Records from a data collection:
_ _ _ _
lemma normal_product_slice:
  assumes grp: "\<And>i. i \<in> I \<Longrightarrow> group (Q i)" and H: "subgroup H (product_group I Q)"
    and i: "i \<in> I" and onto: "(\<lambda>h. h i) ` H = carrier (Q i)"
  shows "product_slice I Q H i \<lhd> Q i"
proof -
  interpret inj: group_hom "Q i" "product_group I Q" "product_inj I Q i"
    using grp i by (rule group_hom_product_inj)
  show ?thesis
    unfolding product_slice_def
  proof (rule inj.G.normal_invI[OF inj.subgroup_vimage[OF H]])
    fix x u
    assume x: "x \<in> carrier (Q i)" and u: "u \<in> {u \<in> carrier (Q i). product_inj I Q i u \<in> H}"
    obtain p where p: "p \<in> H" and x_eq: "x = p i"
      using x onto by auto
    have pP: "p \<in> carrier (product_group I Q)"
      using p H subgroup.subset by blast
    have "product_inj I Q i (x \<otimes>\<^bsub>Q i\<^esub> u \<otimes>\<^bsub>Q i\<^esub> inv\<^bsub>Q i\<^esub> x)
        = p \<otimes>\<^bsub>product_group I Q\<^esub> product_inj I Q i u \<otimes>\<^bsub>product_group I Q\<^esub> inv\<^bsub>product_group I Q\<^esub> p"
      using pP u grp by (auto simp: product_inj_def x_eq PiE_iff group.r_inv group.is_monoid
          monoid.r_one intro!: restrict_ext)
    also have "\<dots> \<in> H"
      using p u by (intro subgroup.m_closed[OF H] subgroup.m_inv_closed[OF H]) auto
    finally show "x \<otimes>\<^bsub>Q i\<^esub> u \<otimes>\<^bsub>Q i\<^esub> inv\<^bsub>Q i\<^esub> x \<in> {u \<in> carrier (Q i). product_inj I Q i u \<in> H}"
      using x u by simp
  qed
qed

lemma derived_set_product_group_subset:
  assumes grp: "\<And>i. i \<in> I \<Longrightarrow> group (Q i)" and fin: "finite I"
    and H: "subgroup H (product_group I Q)"
    and slices: "\<And>i. i \<in> I \<Longrightarrow> derived_set (Q i) (carrier (Q i)) \<subseteq> product_slice I Q H i"
  shows "derived_set (product_group I Q) (carrier (product_group I Q)) \<subseteq> H"
proof clarify
  fix x y
  assume x: "x \<in> carrier (product_group I Q)" and y: "y \<in> carrier (product_group I Q)"
  let ?c = "\<lambda>i\<in>I. x i \<otimes>\<^bsub>Q i\<^esub> y i \<otimes>\<^bsub>Q i\<^esub> inv\<^bsub>Q i\<^esub> x i \<otimes>\<^bsub>Q i\<^esub> inv\<^bsub>Q i\<^esub> y i"
  have comm_closed: "a \<otimes>\<^bsub>Q i\<^esub> b \<otimes>\<^bsub>Q i\<^esub> inv\<^bsub>Q i\<^esub> a \<otimes>\<^bsub>Q i\<^esub> inv\<^bsub>Q i\<^esub> b \<in> carrier (Q i)"
    if "i \<in> I" "a \<in> carrier (Q i)" "b \<in> carrier (Q i)" for i a b
  proof -
    interpret Qi: group "Q i" using grp that(1) .
    show ?thesis using that by simp
  qed
  have c_in_H: "?c \<in> H"
  proof (rule PiE_mem_subgroup_product_group[OF grp fin H])
    show "?c \<in> (\<Pi>\<^sub>E i\<in>I. carrier (Q i))"
      using x y by (auto intro: comm_closed)
    show "product_inj I Q i (?c i) \<in> H" if "i \<in> I" for i
    proof -
      have "x i \<in> carrier (Q i)" "y i \<in> carrier (Q i)"
        using x y that by auto
      then have "?c i \<in> derived_set (Q i) (carrier (Q i))"
        using that by auto
      then have "?c i \<in> product_slice I Q H i"
        by (rule subsetD[OF slices[OF that]])
      then show ?thesis
        by (simp add: product_slice_def)
    qed
  qed
  have commutator: "x \<otimes>\<^bsub>product_group I Q\<^esub> y \<otimes>\<^bsub>product_group I Q\<^esub> inv\<^bsub>product_group I Q\<^esub> x
      \<otimes>\<^bsub>product_group I Q\<^esub> inv\<^bsub>product_group I Q\<^esub> y = ?c"
    using x y grp by (simp cong: restrict_cong)
  show "x \<otimes>\<^bsub>product_group I Q\<^esub> y \<otimes>\<^bsub>product_group I Q\<^esub> inv\<^bsub>product_group I Q\<^esub> x
      \<otimes>\<^bsub>product_group I Q\<^esub> inv\<^bsub>product_group I Q\<^esub> y \<in> H"
    unfolding commutator by (rule c_in_H)
qed

lemma hom_product_group:
  assumes "\<And>i. i \<in> I \<Longrightarrow> f i \<in> hom G (Q i)"
  shows "(\<lambda>g. \<lambda>i\<in>I. f i g) \<in> hom G (product_group I Q)"
proof (rule homI)
  fix x y assume x: "x \<in> carrier G" and y: "y \<in> carrier G"
  show "(\<lambda>i\<in>I. f i x) \<in> carrier (product_group I Q)"
    using assms x by (auto intro: hom_in_carrier)
  show "(\<lambda>i\<in>I. f i (x \<otimes>\<^bsub>G\<^esub> y)) = (\<lambda>i\<in>I. f i x) \<otimes>\<^bsub>product_group I Q\<^esub> (\<lambda>i\<in>I. f i y)"
    using assms x y by (auto simp: hom_mult intro!: restrict_ext)
qed

lemma product_inj_coset_in_image:
  assumes G: "group G" and K: "\<And>i. i \<in> I \<Longrightarrow> K i \<lhd> G" and i: "i \<in> I"
    and c: "c \<in> carrier G" and cK: "c \<in> K i \<or> (\<forall>r \<in> I - {i}. c \<in> K r)"
  shows "product_inj I (\<lambda>i. G Mod K i) i (K i #>\<^bsub>G\<^esub> c) \<in> (\<lambda>g. \<lambda>i\<in>I. K i #>\<^bsub>G\<^esub> g) ` carrier G"
proof -
  interpret G: group G by (rule G)
  have coset_c: "K r #>\<^bsub>G\<^esub> c = K r" if "r \<in> I" "c \<in> K r" for r
    using G.coset_join2[OF c normal_imp_subgroup[OF K[OF that(1)]] that(2)] .
  from cK show ?thesis
  proof
    assume "c \<in> K i"
    then have "product_inj I (\<lambda>i. G Mod K i) i (K i #>\<^bsub>G\<^esub> c) = (\<lambda>r\<in>I. K r #>\<^bsub>G\<^esub> \<one>\<^bsub>G\<^esub>)"
      unfolding product_inj_def using coset_c i K
      by (intro restrict_ext) (simp add: G.coset_mult_one normal_imp_subgroup subgroup.subset)
    then show ?thesis
      using G.one_closed by blast
  next
    assume "\<forall>r \<in> I - {i}. c \<in> K r"
    then have "product_inj I (\<lambda>i. G Mod K i) i (K i #>\<^bsub>G\<^esub> c) = (\<lambda>r\<in>I. K r #>\<^bsub>G\<^esub> c)"
      unfolding product_inj_def using coset_c by (intro restrict_ext) simp
    then show ?thesis
      using c by blast
  qed
qed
_ _ _ _
Looking at the entries above, can you reproduce exactly the lines from the one that holds "i (?c i) \<in>" through the one that holds "I \<Longrightarrow> f", and only those?

§ Completed exercise:
    show "product_inj I Q i (?c i) \<in> H" if "i \<in> I" for i
    proof -
      have "x i \<in> carrier (Q i)" "y i \<in> carrier (Q i)"
        using x y that by auto
      then have "?c i \<in> derived_set (Q i) (carrier (Q i))"
        using that by auto
      then have "?c i \<in> product_slice I Q H i"
        by (rule subsetD[OF slices[OF that]])
      then show ?thesis
        by (simp add: product_slice_def)
    qed
  qed
  have commutator: "x \<otimes>\<^bsub>product_group I Q\<^esub> y \<otimes>\<^bsub>product_group I Q\<^esub> inv\<^bsub>product_group I Q\<^esub> x
      \<otimes>\<^bsub>product_group I Q\<^esub> inv\<^bsub>product_group I Q\<^esub> y = ?c"
    using x y grp by (simp cong: restrict_cong)
  show "x \<otimes>\<^bsub>product_group I Q\<^esub> y \<otimes>\<^bsub>product_group I Q\<^esub> inv\<^bsub>product_group I Q\<^esub> x
      \<otimes>\<^bsub>product_group I Q\<^esub> inv\<^bsub>product_group I Q\<^esub> y \<in> H"
    unfolding commutator by (rule c_in_H)
qed

lemma hom_product_group:
  assumes "\<And>i. i \<in> I \<Longrightarrow> f i \<in> hom G (Q i)"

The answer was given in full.